He changed America by talking

So. I'm about to break my "no more talking about politics online" vow. But it's literally a holiday devoted to literally this so I'mma give myself a pass on this one.

Included in Stellan's schoolwork this week was a worksheet packet about MLK titled "He Changed America By Talking." It begins with a two page essay: Dr. Martin Luther King was "an important man" who "spoke to many people in many places," and "fought bad laws with words and hard work."

The closing paragraph I'll quote in full:

"Then in 1968 an angry man shot Dr. King. Dr. King died. People were afraid that Dr. King's dream would die with him. But people remembered his words. His talk changed America.
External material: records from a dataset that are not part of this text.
(* Let $x_1,\dots,x_N\in\mathbb{R}^d$ with binary labels $y_1,\dots,y_N\in\{0,1\}$, and suppose $N^+:=\sum_i y_i\ge 1$ and $N^-:=\sum_i(1-y_i)\ge 1$. For $\beta\in\mathbb{R}^d$ let $p_\beta(x)=[1+\exp(-\beta^\top x)]^{-1}$ and define the log-loss $$\ell(\beta)=-\sum_{i=1}^N\Big(y_i\ln p_\beta(x_i)+(1-y_i)\ln\big(1-p_\beta(x_i)\big)\Big).$$ Suppose $\beta\in\arg\min_{\beta'\in\mathbb{R}^d}\ell(\beta')$ (a minimizer exists), and let $c=\max_i|\beta^\top x_i|$. Let $\mu^+=\frac{1}{N^+}\sum_{i:y_i=1}x_i$ and $\mu^-=\frac{1}{N^-}\sum_{i:y_i=0}x_i$. Then $$C_1-\big(C_3\,\beta^\top\mu^+-C_4\,\beta^\top\mu^-\big)\;\le\;\ell(\beta)\;\le\; C_2-\big(C_3\,\beta^\top\mu^+-C_4\,\beta^\top\mu^-\big),$$ where $C_1=N\ln 2$, $C_2=N\ln(1+e^{c})-\frac{Nc}{2}$, $C_3=\frac{N^+}{2}$, $C_4=\frac{N^-}{2}$. *)

theory Defs
  imports "HOL-Analysis.Analysis"
begin

definition sigmoid_prob :: "real ^ 'd \<Rightarrow> real ^ 'd \<Rightarrow> real" where
  "sigmoid_prob \<beta> x = 1 / (1 + exp (- (\<beta> \<bullet> x)))"

definition log_loss :: "nat \<Rightarrow> (nat \<Rightarrow> real ^ 'd) \<Rightarrow> (nat \<Rightarrow> real) \<Rightarrow> real ^ 'd \<Rightarrow> real" where
  "log_loss N x y \<beta> = - (\<Sum>i<N. y i * ln (sigmoid_prob \<beta> (x i))
                                 + (1 - y i) * ln (1 - sigmoid_prob \<beta> (x i)))"

end

theory Submission
  imports Defs
begin

text \<open>Splitting the softplus function \<open>ln (1 + exp t)\<close> into its odd part \<open>t/2\<close> and its even
  part \<open>ln (2 cosh (t/2))\<close> writes the loss of a sample with label \<open>y\<close> and margin \<open>t\<close> as
  \<open>ln (2 cosh (t/2)) - (2y - 1) t/2\<close>. Summed over the samples, the odd parts give exactly the
  class-mean term of the bounds, and the even part lies between \<open>ln 2\<close> (at \<open>t = 0\<close>) and its
  value at \<open>c\<close>, by monotonicity of \<open>cosh\<close> in \<open>|t|\<close>.\<close>

lemma ln_one_plus_exp_eq: "ln (1 + exp (t::real)) = t / 2 + ln (2 * cosh (t / 2))"
proof -
  have "exp (t/2) * exp (t/2) = exp t" "exp (t/2) * exp (-(t/2)) = 1"
    by (simp_all add: exp_add[symmetric])
  then have "1 + exp t = exp (t/2) * (2 * cosh (t/2))"
    by (simp add: cosh_def algebra_simps)
  then show ?thesis
    by (simp add: ln_mult)
qed

lemma ln_sigmoid_prob: "ln (sigmoid_prob \<beta> x) = - ln (1 + exp (- (\<beta> \<bullet> x)))"
  by (simp add: sigmoid_prob_def ln_div add_pos_pos)

lemma ln_one_minus_sigmoid_prob: "ln (1 - sigmoid_prob \<beta> x) = - ln (1 + exp (\<beta> \<bullet> x))"
proof -
  have "1 + exp (- (\<beta> \<bullet> x)) > 0" "1 + exp (\<beta> \<bullet> x) > 0"
    by (simp_all add: add_pos_pos)
  moreover have "exp (- (\<beta> \<bullet> x)) * exp (\<beta> \<bullet> x) = 1"
    by (simp add: exp_add[symmetric])
  ultimately have "1 - sigmoid_prob \<beta> x = 1 / (1 + exp (\<beta> \<bullet> x))"
    unfolding sigmoid_prob_def by (simp add: field_simps)
  then show ?thesis
    by (simp add: ln_div add_pos_pos)
qed

lemma sample_loss_eq:
  assumes "y \<in> {0, 1}"
  shows "- (y * ln (sigmoid_prob \<beta> x) + (1 - y) * ln (1 - sigmoid_prob \<beta> x))
    = ln (2 * cosh ((\<beta> \<bullet> x) / 2)) - y * (\<beta> \<bullet> x) / 2 + (1 - y) * (\<beta> \<bullet> x) / 2"
  using assms ln_one_plus_exp_eq[of "\<beta> \<bullet> x"] ln_one_plus_exp_eq[of "- (\<beta> \<bullet> x)"]
  by (auto simp: ln_sigmoid_prob ln_one_minus_sigmoid_prob)

lemma log_loss_eq:
  assumes "\<forall>i<N. y i \<in> {0, 1}"
  shows "log_loss N x y \<beta> = (\<Sum>i<N. ln (2 * cosh ((\<beta> \<bullet> x i) / 2)))
    - ((\<Sum>i<N. y i * (\<beta> \<bullet> x i)) - (\<Sum>i<N. (1 - y i) * (\<beta> \<bullet> x i))) / 2"
proof -
  have "log_loss N x y \<beta> = (\<Sum>i<N. - (y i * ln (sigmoid_prob \<beta> (x i))
                                 + (1 - y i) * ln (1 - sigmoid_prob \<beta> (x i))))"
    unfolding log_loss_def by (rule sum_negf[symmetric])
  also have "\<dots> = (\<Sum>i<N. ln (2 * cosh ((\<beta> \<bullet> x i) / 2))
                      - y i * (\<beta> \<bullet> x i) / 2 + (1 - y i) * (\<beta> \<bullet> x i) / 2)"
    using assms by (intro sum.cong refl sample_loss_eq) auto
  finally show ?thesis
    by (simp add: sum.distrib sum_subtractf sum_divide_distrib diff_divide_distrib)
qed

lemma ln_two_cosh_half_ge: "ln 2 \<le> ln (2 * cosh ((t::real) / 2))"
  using cosh_real_ge_1[of "t / 2"] by simp

lemma ln_two_cosh_half_mono:
  fixes t c :: real
  assumes "\<bar>t\<bar> \<le> c"
  shows "ln (2 * cosh (t / 2)) \<le> ln (2 * cosh (c / 2))"
proof -
  have "cosh \<bar>t / 2\<bar> \<le> cosh (c / 2)"
    using assms by (subst cosh_real_nonneg_le_iff) auto
  then show ?thesis
    by (simp only: cosh_real_abs) simp
qed

lemma sum_label_one_eq:
  fixes y :: "'a \<Rightarrow> real" and f :: "'a \<Rightarrow> 'b::real_vector"
  assumes "finite A" and "\<forall>i\<in>A. y i \<in> {0, 1}"
  shows "(\<Sum>i\<in>{i\<in>A. y i = 1}. f i) = (\<Sum>i\<in>A. y i *\<^sub>R f i)"
proof -
  have "(\<Sum>i\<in>A. y i *\<^sub>R f i) = (\<Sum>i\<in>{i\<in>A. y i = 1}. y i *\<^sub>R f i)"
    using assms by (intro sum.mono_neutral_right) auto
  then show ?thesis
    by simp
qed

lemma scaled_class_mean_inner:
  fixes y :: "'a \<Rightarrow> real" and v :: "'a \<Rightarrow> 'b::real_inner"
  assumes "finite A" and "\<forall>i\<in>A. y i \<in> {0, 1}" and "(\<Sum>i\<in>A. y i) \<noteq> 0"
  shows "(\<Sum>i\<in>A. y i) * (b \<bullet> ((1 / (\<Sum>i\<in>A. y i)) *\<^sub>R (\<Sum>i\<in>{i\<in>A. y i = 1}. v i)))
    = (\<Sum>i\<in>A. y i * (b \<bullet> v i))"
  using assms sum_label_one_eq[OF assms(1,2), of "\<lambda>i. b \<bullet> v i"]
  by (simp add: inner_sum_right)

theorem theorem2:
  fixes N :: nat and x :: "nat \<Rightarrow> real ^ 'd" and y :: "nat \<Rightarrow> real" and \<beta> :: "real ^ 'd"
  assumes labels: "\<forall>i<N. y i \<in> {0, 1}"
    and pos: "(\<Sum>i<N. y i) \<ge> 1"
    and neg: "(\<Sum>i<N. 1 - y i) \<ge> 1"
    and argmin: "\<forall>\<beta>'. log_loss N x y \<beta> \<le> log_loss N x y \<beta>'"
  defines "Np \<equiv> (\<Sum>i<N. y i)"
    and "Nn \<equiv> (\<Sum>i<N. 1 - y i)"
    and "c \<equiv> Max ((\<lambda>i. \<bar>\<beta> \<bullet> x i\<bar>) ` {..<N})"
    and "\<mu>p \<equiv> ((1 / (\<Sum>i<N. y i)) *\<^sub>R (\<Sum>i\<in>{i. i < N \<and> y i = 1}. x i))"
    and "\<mu>n \<equiv> ((1 / (\<Sum>i<N. 1 - y i)) *\<^sub>R (\<Sum>i\<in>{i. i < N \<and> y i = 0}. x i))"
  shows "real N * ln 2 - (Np / 2 * (\<beta> \<bullet> \<mu>p) - Nn / 2 * (\<beta> \<bullet> \<mu>n))
           \<le> log_loss N x y \<beta>
         \<and> log_loss N x y \<beta>
           \<le> real N * ln (1 + exp c) - real N * c / 2 - (Np / 2 * (\<beta> \<bullet> \<mu>p) - Nn / 2 * (\<beta> \<bullet> \<mu>n))"
proof -
  have neg_labels: "\<forall>i\<in>{..<N}. 1 - y i \<in> {0, 1}"
    using labels by auto
  have "Np * (\<beta> \<bullet> \<mu>p) = (\<Sum>i<N. y i * (\<beta> \<bullet> x i))"
    using scaled_class_mean_inner[of "{..<N}" y] labels pos by (simp add: Np_def \<mu>p_def)
  moreover have "Nn * (\<beta> \<bullet> \<mu>n) = (\<Sum>i<N. (1 - y i) * (\<beta> \<bullet> x i))"
    using scaled_class_mean_inner[OF _ neg_labels, of \<beta> x] neg by (simp add: Nn_def \<mu>n_def)
  ultimately have loss: "log_loss N x y \<beta>
      = (\<Sum>i<N. ln (2 * cosh ((\<beta> \<bullet> x i) / 2))) - (Np / 2 * (\<beta> \<bullet> \<mu>p) - Nn / 2 * (\<beta> \<bullet> \<mu>n))"
    using log_loss_eq[OF labels] by (simp add: diff_divide_distrib)
  have "real N * ln 2 = (\<Sum>i<N. ln 2)"
    by simp
  also have "\<dots> \<le> (\<Sum>i<N. ln (2 * cosh ((\<beta> \<bullet> x i) / 2)))"
    by (intro sum_mono ln_two_cosh_half_ge)
  moreover have "\<bar>\<beta> \<bullet> x i\<bar> \<le> c" if "i < N" for i
    unfolding c_def using that by (intro Max_ge) auto
  then have "(\<Sum>i<N. ln (2 * cosh ((\<beta> \<bullet> x i) / 2))) \<le> real N * ln (2 * cosh (c / 2))"
    using sum_mono[of "{..<N}" _ "\<lambda>_. ln (2 * cosh (c / 2))"] ln_two_cosh_half_mono by simp
  ultimately show ?thesis
    unfolding loss using ln_one_plus_exp_eq[of c] by (simp add: algebra_simps)
qed

end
His dream for his four children is coming true."

Literally the only mention of race in the entire packet was when it quoted the I Have A Dream speech ("...that my four little children will one day live in a nation where they will not be judged by the color of their skin but by the content of their character.") I guess if you were feeling charitable you could also count the clip-art image of a white hand and black hand shaking hands.

The packet talks about nonviolence, it talks about injustice, but it only tangentially refers to the actual reasons these things need talking about.
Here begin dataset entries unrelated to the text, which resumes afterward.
lemma summable_norm_B_tail_A_Suc: "summable (\<lambda>n. norm (B (Suc n) * tail_sum A (Suc n)))"
proof (rule summable_comparison_test')
  show "summable (\<lambda>n. norm (B (Suc n) * tail_sum A n) + norm (A (Suc n) * B (Suc n)))"
    using summable_norm_AB summable_Suc_iff[where f="\<lambda>n. norm (A n * B n)"]
    by (intro summable_add summable_norm_B_tail_A) simp
  show "norm (norm (B (Suc n) * tail_sum A (Suc n)))
      \<le> norm (B (Suc n) * tail_sum A n) + norm (A (Suc n) * B (Suc n))" for n
    using norm_triangle_ineq4[of "B (Suc n) * tail_sum A n" "A (Suc n) * B (Suc n)"]
    by (simp add: tail_sum_Suc[OF summable_A, of n] algebra_simps)
qed

lemma bounded_tail_sums:
  obtains K where "0 \<le> K" "\<And>n. norm (tail_sum A n) \<le> K" "\<And>n. norm (tail_sum B n) \<le> K"
proof -
  obtain KA KB where "0 < KA" "\<forall>n. norm (tail_sum A n) \<le> KA"
    and "\<forall>n. norm (tail_sum B n) \<le> KB"
    using convergent_imp_Bseq[OF convergentI[OF tail_sum_tendsto_0]] summable_A summable_B
    by (metis BseqE)
  then show ?thesis
    by (intro that[of "max KA KB"]) (auto intro: order_trans)
qed

definition pq'_norm :: "nat \<Rightarrow> real" where
  "pq'_norm n = norm (p' n) + norm (q' n)"

definition perturbation :: "nat \<Rightarrow> real" where
  "perturbation n = norm (B (Suc n) * tail_sum A (Suc n)) + norm (B (Suc n) * tail_sum A n)"

lemma summable_perturbation: "summable perturbation"
  unfolding perturbation_def by (intro summable_add summable_norm_B_tail_A_Suc summable_norm_B_tail_A)

context
  fixes K :: real
  assumes K: "0 \<le> K" "\<And>n. norm (tail_sum A n) \<le> K" "\<And>n. norm (tail_sum B n) \<le> K"
begin

lemma norm_q_le: "norm (q n) \<le> (1 + K) * pq'_norm n"
proof -
  have "norm (q n) \<le> norm (q' n) + norm (tail_sum B n) * norm (p' n)"
    using norm_triangle_ineq4[of "q' n" "tail_sum B n * p' n"] by (simp add: q'_def norm_mult)
  also have "\<dots> \<le> pq'_norm n + K * pq'_norm n"
    using K by (intro add_mono mult_mono) (auto simp: pq'_norm_def)
  finally show ?thesis
    by (simp add: algebra_simps)
qed

lemma norm_p_le: "norm (p n) \<le> (1 + K)\<^sup>2 * pq'_norm n"
proof -
  have "norm (p n) \<le> norm (p' n) + norm (tail_sum A n) * norm (q n)"
    using norm_triangle_ineq4[of "p' n" "tail_sum A n * q n"] by (simp add: p'_def norm_mult)
  also have "\<dots> \<le> pq'_norm n + K * ((1 + K) * pq'_norm n)"
    using K norm_q_le[of n] by (intro add_mono mult_mono) (auto simp: pq'_norm_def)
  also have "\<dots> \<le> (1 + K)\<^sup>2 * pq'_norm n"
    using mult_nonneg_nonneg[OF K(1), of "pq'_norm n"]
    by (simp add: pq'_norm_def power2_eq_square algebra_simps)
  finally show ?thesis .
qed

lemma norm_q_le': "norm (q n) \<le> (1 + K)\<^sup>2 * pq'_norm n"
proof -
  have "(1 + K) * pq'_norm n \<le> (1 + K)\<^sup>2 * pq'_norm n"
    using K(1) by (intro mult_right_mono) (auto simp: power2_eq_square pq'_norm_def)
  then show ?thesis
    using norm_q_le[of n] by linarith
qed

lemma pq'_norm_Suc: "pq'_norm (Suc n) \<le> (1 + (1 + K) ^ 3 * perturbation n) * pq'_norm n"
proof -
  define C where "C = (1 + K)\<^sup>2"
  define \<epsilon> where "\<epsilon> = B (Suc n) * tail_sum A (Suc n)"
  define \<eta> where "\<eta> = B (Suc n) * tail_sum A n"
  have "norm (p' (Suc n)) \<le> norm (p' n) + norm \<epsilon> * norm (p n)"
    using norm_triangle_ineq[of "p' n" "\<epsilon> * p n"] by (simp add: p'_Suc \<epsilon>_def norm_mult)
  moreover have "norm (q' (Suc n)) \<le> norm (q' n) + norm \<eta> * norm (q n)
      + norm (tail_sum B (Suc n)) * (norm \<epsilon> * norm (p n))"
    using norm_triangle_ineq[of "q' n - \<eta> * q n" "tail_sum B (Suc n) * (\<epsilon> * p n)"]
      norm_triangle_ineq4[of "q' n" "\<eta> * q n"]
    by (simp add: q'_Suc \<epsilon>_def \<eta>_def norm_mult mult.assoc)
  moreover have "norm (tail_sum B (Suc n)) * (norm \<epsilon> * norm (p n)) \<le> K * (norm \<epsilon> * (C * pq'_norm n))"
    using K norm_p_le[of n] by (intro mult_mono mult_left_mono) (auto simp: C_def)
  moreover have "norm \<epsilon> * norm (p n) \<le> norm \<epsilon> * (C * pq'_norm n)"
    using norm_p_le[of n] by (intro mult_left_mono) (auto simp: C_def)
  moreover have "norm \<eta> * norm (q n) \<le> norm \<eta> * (C * pq'_norm n)"
    using norm_q_le'[of n] by (intro mult_left_mono) (auto simp: C_def)
  moreover have "0 \<le> K * (norm \<eta> * (C * pq'_norm n))"
    using K(1) by (simp add: C_def pq'_norm_def)
  ultimately have "pq'_norm (Suc n) \<le> pq'_norm n + (1 + K) * (norm \<epsilon> + norm \<eta>) * (C * pq'_norm n)"
    by (simp add: pq'_norm_def algebra_simps)
  then show ?thesis
    by (simp add: perturbation_def C_def \<epsilon>_def \<eta>_def power2_eq_square power3_eq_cube algebra_simps)
qed

end

lemma Bseq_p_q: "Bseq p \<and> Bseq q"
proof -
  obtain K where K: "0 \<le> K" "\<And>n. norm (tail_sum A n) \<le> K" "\<And>n. norm (tail_sum B n) \<le> K"
    by (rule bounded_tail_sums) auto
  define S where "S = pq'_norm 0 * exp (suminf (\<lambda>n. (1 + K) ^ 3 * perturbation n))"
  have "pq'_norm n \<le> S" for n
    unfolding S_def using K(1)
    by (intro discrete_gronwall pq'_norm_Suc[OF K] summable_mult summable_perturbation)
      (auto simp: pq'_norm_def perturbation_def)
  then have "(1 + K)\<^sup>2 * pq'_norm n \<le> (1 + K)\<^sup>2 * S" for n
    by (simp add: mult_left_mono)
  then show ?thesis
    using norm_p_le[OF K] norm_q_le'[OF K] by (meson BseqI' order_trans)
qed

lemma convergent_p: "convergent p"
proof -
  obtain P where P: "\<And>n. norm (p n) \<le> P"
    using Bseq_p_q BseqE by metis
  have "summable (\<lambda>n. norm (p' (Suc n) - p' n))"
  proof (rule summable_comparison_test')
    show "summable (\<lambda>n. norm (B (Suc n) * tail_sum A (Suc n)) * P)"
      by (intro summable_mult2 summable_norm_B_tail_A_Suc)
    show "norm (norm (p' (Suc n) - p' n)) \<le> norm (B (Suc n) * tail_sum A (Suc n)) * P" for n
      using P[of n] by (simp add: p'_Suc norm_mult mult_left_mono)
  qed
  then obtain L where L: "p' \<longlonglongrightarrow> L"
    using convergent_if_summable_diff summable_norm_cancel convergent_def by metis
  have "Zfun (tail_sum A) sequentially"
    using tail_sum_tendsto_0[OF summable_A] by (simp add: tendsto_Zfun_iff)
  then have "Zfun (\<lambda>n. tail_sum A n * q n) sequentially"
    using Bseq_p_q by (intro bounded_bilinear.Zfun_prod_Bfun[OF bounded_bilinear_mult]) auto
  then have "(\<lambda>n. tail_sum A n * q n) \<longlonglongrightarrow> 0"
    by (simp add: tendsto_Zfun_iff)
  then have "(\<lambda>n. p' n - tail_sum A n * q n) \<longlonglongrightarrow> L - 0"
    by (intro tendsto_diff L)
  then show ?thesis
    by (auto simp: p'_def convergent_def)
qed

end

section \<open>Toeplitz systems and Szeg\<odieresis>'s recursion\<close>

definition toeplitz_mat :: "(int \<Rightarrow> 'a) \<Rightarrow> nat \<Rightarrow> 'a mat" where
  "toeplitz_mat c n = mat n n (\<lambda>(i, j). c (int j - int i))"

definition reflect_seq :: "(int \<Rightarrow> 'a) \<Rightarrow> int \<Rightarrow> 'a" where
  "reflect_seq c k = c (- k)"

text \<open>szego_coeff c n j is the coefficient of z^(n - j) in u_n normalised to constant term 1
  (see szego_coeff_last and u_poly_eq_szego_poly); by Cramer's rule it solves the Toeplitz system
  of szego_coeff_orthogonal.\<close>

definition szego_coeff :: "(int \<Rightarrow> 'a::field) \<Rightarrow> nat \<Rightarrow> nat \<Rightarrow> 'a" where
  "szego_coeff c n j = cofactor (toeplitz_mat c (Suc n)) n j / det (toeplitz_mat c n)"

definition szego_poly :: "(int \<Rightarrow> 'a::field) \<Rightarrow> 'a \<Rightarrow> nat \<Rightarrow> 'a" where
  "szego_poly c z n = (\<Sum>j<Suc n. szego_coeff c n j * z ^ (n - j))"

definition toeplitz_ratio :: "(int \<Rightarrow> 'a::field) \<Rightarrow> nat \<Rightarrow> 'a" where
  "toeplitz_ratio c n = det (toeplitz_mat c (Suc n)) / det (toeplitz_mat c n)"

definition szego_pairing :: "(int \<Rightarrow> 'a::field) \<Rightarrow> nat \<Rightarrow> 'a" where
  "szego_pairing c n = (\<Sum>k<Suc n. c (int k + 1) * szego_coeff c n k)"

lemma toeplitz_mat_carrier [simp]: "toeplitz_mat c n \<in> carrier_mat n n"
  by (simp add: toeplitz_mat_def)

lemma toeplitz_mat_dim [simp]:
  "dim_row (toeplitz_mat c n) = n" "dim_col (toeplitz_mat c n) = n"
  by (simp_all add: toeplitz_mat_def)

lemma toeplitz_mat_index [simp]: "i < n \<Longrightarrow> j < n \<Longrightarrow> toeplitz_mat c n $$ (i, j) = c (int j - int i)"
  by (simp add: toeplitz_mat_def)

lemma reflect_seq_reflect_seq [simp]: "reflect_seq (reflect_seq c) = c"
  by (simp add: reflect_seq_def fun_eq_iff)

lemma det_toeplitz_mat_0 [simp]: "det (toeplitz_mat c 0) = 1"
  by (simp add: toeplitz_mat_def det_dim_zero)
(To be clear I have zero complaints about Stellan's school or his teacher here -- when I asked him about MLK the first word out of his mouth was "racism", and clearly the actual lesson was a lot less oblique than the preprinted packet.)

I get that this is meant for younger kids, and that this stuff is not easy to talk about; there's almost certainly no way to do this that wouldn't lead to some group of parents getting ticked off. I don't think this is bad faith on the part of the corporation that produced the packet, even -- I'm not sure how I'd rewrite this in a way that'd still make it past e.g. the Texas Board of Education. There are at least a few bits where they clearly tried to talk about it without actually, y'know, talking about it.

But still. We can do better than this. Can't we do better than this?